How to complete this task:
Scan the entries that follow for the word "esub", then report every line in which it appears.

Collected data
───
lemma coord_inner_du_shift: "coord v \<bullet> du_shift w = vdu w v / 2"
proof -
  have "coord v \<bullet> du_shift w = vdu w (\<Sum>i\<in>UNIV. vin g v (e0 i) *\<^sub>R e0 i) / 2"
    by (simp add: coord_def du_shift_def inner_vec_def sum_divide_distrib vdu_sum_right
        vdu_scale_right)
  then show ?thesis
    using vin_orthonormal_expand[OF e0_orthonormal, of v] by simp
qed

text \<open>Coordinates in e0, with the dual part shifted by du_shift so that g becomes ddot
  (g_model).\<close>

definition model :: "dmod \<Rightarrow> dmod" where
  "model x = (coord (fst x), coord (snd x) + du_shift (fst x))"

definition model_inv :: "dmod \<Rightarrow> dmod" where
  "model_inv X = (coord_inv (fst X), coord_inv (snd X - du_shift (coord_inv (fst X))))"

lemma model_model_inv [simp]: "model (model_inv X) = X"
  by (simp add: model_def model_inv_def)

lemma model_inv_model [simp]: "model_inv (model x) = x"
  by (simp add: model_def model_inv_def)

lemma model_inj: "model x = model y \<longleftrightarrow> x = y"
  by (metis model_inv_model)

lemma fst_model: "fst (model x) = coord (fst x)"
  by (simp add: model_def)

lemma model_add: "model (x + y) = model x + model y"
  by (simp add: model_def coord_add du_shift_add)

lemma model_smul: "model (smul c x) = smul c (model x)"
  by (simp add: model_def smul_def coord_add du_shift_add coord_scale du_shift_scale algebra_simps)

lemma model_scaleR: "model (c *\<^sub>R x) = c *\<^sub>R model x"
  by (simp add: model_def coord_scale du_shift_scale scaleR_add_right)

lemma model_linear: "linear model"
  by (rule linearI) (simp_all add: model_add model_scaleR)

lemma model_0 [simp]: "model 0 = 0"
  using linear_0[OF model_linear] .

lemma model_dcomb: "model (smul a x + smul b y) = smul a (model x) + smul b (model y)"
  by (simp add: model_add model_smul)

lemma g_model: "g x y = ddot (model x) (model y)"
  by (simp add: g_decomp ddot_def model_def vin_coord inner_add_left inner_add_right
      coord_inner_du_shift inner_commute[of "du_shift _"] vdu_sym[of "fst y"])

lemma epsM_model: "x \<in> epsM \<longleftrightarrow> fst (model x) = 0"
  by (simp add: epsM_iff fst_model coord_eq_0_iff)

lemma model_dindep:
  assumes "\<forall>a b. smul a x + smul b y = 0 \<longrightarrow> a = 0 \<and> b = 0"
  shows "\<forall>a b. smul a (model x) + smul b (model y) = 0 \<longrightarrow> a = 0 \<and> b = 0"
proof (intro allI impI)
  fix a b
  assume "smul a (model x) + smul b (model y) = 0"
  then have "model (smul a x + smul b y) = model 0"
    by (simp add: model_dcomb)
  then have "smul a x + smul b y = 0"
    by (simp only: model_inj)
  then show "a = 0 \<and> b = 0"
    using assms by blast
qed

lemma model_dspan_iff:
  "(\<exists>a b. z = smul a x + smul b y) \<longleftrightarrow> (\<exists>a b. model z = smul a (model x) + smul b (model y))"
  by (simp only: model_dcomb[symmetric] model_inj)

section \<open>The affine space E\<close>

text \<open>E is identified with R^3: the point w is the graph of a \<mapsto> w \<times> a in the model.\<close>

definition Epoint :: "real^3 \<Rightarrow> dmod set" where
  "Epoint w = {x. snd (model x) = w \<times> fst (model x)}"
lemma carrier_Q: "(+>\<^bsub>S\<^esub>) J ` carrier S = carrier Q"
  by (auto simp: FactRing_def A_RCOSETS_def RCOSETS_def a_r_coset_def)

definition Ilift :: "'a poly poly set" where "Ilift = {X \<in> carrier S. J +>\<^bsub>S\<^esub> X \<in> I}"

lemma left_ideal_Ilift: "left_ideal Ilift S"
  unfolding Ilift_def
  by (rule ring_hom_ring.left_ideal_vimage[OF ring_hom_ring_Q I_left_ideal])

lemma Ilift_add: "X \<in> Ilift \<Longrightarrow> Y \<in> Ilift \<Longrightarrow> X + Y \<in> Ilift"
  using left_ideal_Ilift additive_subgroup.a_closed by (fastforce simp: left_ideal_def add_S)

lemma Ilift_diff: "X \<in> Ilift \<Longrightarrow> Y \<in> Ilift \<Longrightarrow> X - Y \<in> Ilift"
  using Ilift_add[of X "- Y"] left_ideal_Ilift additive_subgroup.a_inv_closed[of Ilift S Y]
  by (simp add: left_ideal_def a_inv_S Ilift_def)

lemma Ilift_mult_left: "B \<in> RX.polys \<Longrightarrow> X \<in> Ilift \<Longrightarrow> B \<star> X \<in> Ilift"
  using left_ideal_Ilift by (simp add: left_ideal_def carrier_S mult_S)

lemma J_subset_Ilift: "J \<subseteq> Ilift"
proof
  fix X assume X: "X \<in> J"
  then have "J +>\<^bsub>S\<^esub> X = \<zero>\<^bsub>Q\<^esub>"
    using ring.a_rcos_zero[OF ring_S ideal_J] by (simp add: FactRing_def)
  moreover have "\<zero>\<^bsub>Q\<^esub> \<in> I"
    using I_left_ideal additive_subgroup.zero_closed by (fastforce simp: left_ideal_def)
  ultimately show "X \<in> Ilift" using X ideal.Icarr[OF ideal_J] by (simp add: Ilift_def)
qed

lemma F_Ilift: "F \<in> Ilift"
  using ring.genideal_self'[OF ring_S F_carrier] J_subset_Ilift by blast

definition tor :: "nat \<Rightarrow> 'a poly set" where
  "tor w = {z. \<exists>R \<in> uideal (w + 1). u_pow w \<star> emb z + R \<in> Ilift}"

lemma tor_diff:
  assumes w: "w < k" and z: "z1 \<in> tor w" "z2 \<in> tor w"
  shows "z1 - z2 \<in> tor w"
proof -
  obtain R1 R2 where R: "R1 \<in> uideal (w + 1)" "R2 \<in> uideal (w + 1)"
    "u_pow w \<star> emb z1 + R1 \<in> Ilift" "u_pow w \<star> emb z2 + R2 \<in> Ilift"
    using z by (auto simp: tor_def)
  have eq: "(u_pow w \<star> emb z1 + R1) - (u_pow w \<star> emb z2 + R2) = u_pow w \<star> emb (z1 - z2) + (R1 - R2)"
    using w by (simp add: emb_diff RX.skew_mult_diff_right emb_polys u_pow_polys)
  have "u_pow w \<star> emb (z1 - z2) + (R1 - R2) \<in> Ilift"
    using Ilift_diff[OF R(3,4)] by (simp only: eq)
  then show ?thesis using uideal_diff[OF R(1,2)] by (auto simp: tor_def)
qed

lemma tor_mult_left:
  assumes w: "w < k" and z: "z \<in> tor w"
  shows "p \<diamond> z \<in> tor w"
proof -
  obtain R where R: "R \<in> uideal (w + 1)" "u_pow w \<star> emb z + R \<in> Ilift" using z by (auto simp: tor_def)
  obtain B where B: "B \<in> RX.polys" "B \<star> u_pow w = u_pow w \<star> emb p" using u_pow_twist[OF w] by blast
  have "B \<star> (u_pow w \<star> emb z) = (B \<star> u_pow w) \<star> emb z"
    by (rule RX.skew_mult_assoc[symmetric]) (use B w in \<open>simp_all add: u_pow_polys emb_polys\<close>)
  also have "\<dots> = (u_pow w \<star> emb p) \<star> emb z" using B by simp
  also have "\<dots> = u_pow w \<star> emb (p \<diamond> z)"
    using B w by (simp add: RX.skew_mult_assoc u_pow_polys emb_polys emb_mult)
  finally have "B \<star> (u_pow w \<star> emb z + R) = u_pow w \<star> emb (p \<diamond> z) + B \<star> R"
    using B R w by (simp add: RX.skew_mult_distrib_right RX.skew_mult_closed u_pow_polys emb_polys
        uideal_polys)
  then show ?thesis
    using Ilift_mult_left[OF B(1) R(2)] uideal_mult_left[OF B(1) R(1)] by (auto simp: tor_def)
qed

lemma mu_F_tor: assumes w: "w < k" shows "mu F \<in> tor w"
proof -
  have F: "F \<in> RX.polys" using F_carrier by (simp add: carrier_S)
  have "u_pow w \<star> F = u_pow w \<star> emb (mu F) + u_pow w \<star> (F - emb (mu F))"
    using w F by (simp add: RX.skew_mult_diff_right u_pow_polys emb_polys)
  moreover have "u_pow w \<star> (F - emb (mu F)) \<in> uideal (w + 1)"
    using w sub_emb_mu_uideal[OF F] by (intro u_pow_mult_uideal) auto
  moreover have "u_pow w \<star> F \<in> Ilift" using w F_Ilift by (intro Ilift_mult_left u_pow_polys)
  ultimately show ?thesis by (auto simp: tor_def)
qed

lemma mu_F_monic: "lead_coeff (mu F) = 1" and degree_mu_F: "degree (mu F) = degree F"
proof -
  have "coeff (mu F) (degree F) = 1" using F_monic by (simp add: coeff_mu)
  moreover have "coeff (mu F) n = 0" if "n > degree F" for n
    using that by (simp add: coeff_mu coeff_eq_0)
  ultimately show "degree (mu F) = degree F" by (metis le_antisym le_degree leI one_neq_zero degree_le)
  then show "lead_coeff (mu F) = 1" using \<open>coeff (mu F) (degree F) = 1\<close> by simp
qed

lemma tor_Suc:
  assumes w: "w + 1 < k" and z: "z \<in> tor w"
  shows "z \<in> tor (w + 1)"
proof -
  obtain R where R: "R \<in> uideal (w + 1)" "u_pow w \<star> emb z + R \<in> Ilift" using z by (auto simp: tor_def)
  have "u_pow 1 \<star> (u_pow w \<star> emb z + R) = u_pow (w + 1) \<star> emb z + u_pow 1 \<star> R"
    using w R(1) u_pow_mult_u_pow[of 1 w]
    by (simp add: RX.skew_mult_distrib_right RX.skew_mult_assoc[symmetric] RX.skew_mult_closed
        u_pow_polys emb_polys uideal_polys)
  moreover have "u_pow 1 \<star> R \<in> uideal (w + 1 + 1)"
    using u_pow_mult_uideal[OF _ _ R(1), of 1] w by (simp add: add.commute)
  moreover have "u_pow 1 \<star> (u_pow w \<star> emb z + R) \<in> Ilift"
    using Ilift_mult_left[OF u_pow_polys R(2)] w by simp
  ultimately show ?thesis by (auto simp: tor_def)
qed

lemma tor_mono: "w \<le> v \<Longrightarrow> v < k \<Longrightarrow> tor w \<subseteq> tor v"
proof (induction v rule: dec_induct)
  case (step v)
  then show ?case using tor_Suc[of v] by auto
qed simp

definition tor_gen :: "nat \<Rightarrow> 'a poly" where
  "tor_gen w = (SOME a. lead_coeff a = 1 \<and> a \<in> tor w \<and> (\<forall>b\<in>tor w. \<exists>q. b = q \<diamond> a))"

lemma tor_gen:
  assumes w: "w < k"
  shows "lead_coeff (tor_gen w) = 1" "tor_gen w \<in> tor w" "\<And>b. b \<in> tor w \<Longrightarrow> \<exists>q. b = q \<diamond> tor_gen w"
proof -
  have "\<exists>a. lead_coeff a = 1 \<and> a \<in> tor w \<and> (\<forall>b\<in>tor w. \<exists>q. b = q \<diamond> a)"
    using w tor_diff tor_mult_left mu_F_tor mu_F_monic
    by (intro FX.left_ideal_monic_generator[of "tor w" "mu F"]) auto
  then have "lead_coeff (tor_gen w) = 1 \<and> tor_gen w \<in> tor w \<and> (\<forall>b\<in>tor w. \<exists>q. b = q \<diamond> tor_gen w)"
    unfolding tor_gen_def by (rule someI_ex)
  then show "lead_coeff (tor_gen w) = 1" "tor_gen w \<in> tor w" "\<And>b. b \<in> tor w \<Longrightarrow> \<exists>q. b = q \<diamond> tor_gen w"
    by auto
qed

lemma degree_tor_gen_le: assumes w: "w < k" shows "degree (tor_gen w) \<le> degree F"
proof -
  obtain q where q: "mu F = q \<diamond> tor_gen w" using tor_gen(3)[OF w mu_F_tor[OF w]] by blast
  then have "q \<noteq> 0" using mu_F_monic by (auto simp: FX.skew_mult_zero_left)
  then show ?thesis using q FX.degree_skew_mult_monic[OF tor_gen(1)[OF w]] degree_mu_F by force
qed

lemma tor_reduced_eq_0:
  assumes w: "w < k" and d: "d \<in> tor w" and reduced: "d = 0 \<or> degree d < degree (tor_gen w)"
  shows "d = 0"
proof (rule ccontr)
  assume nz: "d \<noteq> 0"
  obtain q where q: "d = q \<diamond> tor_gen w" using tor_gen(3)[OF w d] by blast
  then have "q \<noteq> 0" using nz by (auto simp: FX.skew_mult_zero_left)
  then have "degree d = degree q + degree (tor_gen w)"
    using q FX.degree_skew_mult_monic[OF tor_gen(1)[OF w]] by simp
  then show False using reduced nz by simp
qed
───
Response:
lemma carrier_Q: "(+>\<^bsub>S\<^esub>) J ` carrier S = carrier Q"
definition Ilift :: "'a poly poly set" where "Ilift = {X \<in> carrier S. J +>\<^bsub>S\<^esub> X \<in> I}"
  then have "J +>\<^bsub>S\<^esub> X = \<zero>\<^bsub>Q\<^esub>"
  moreover have "\<zero>\<^bsub>Q\<^esub> \<in> I"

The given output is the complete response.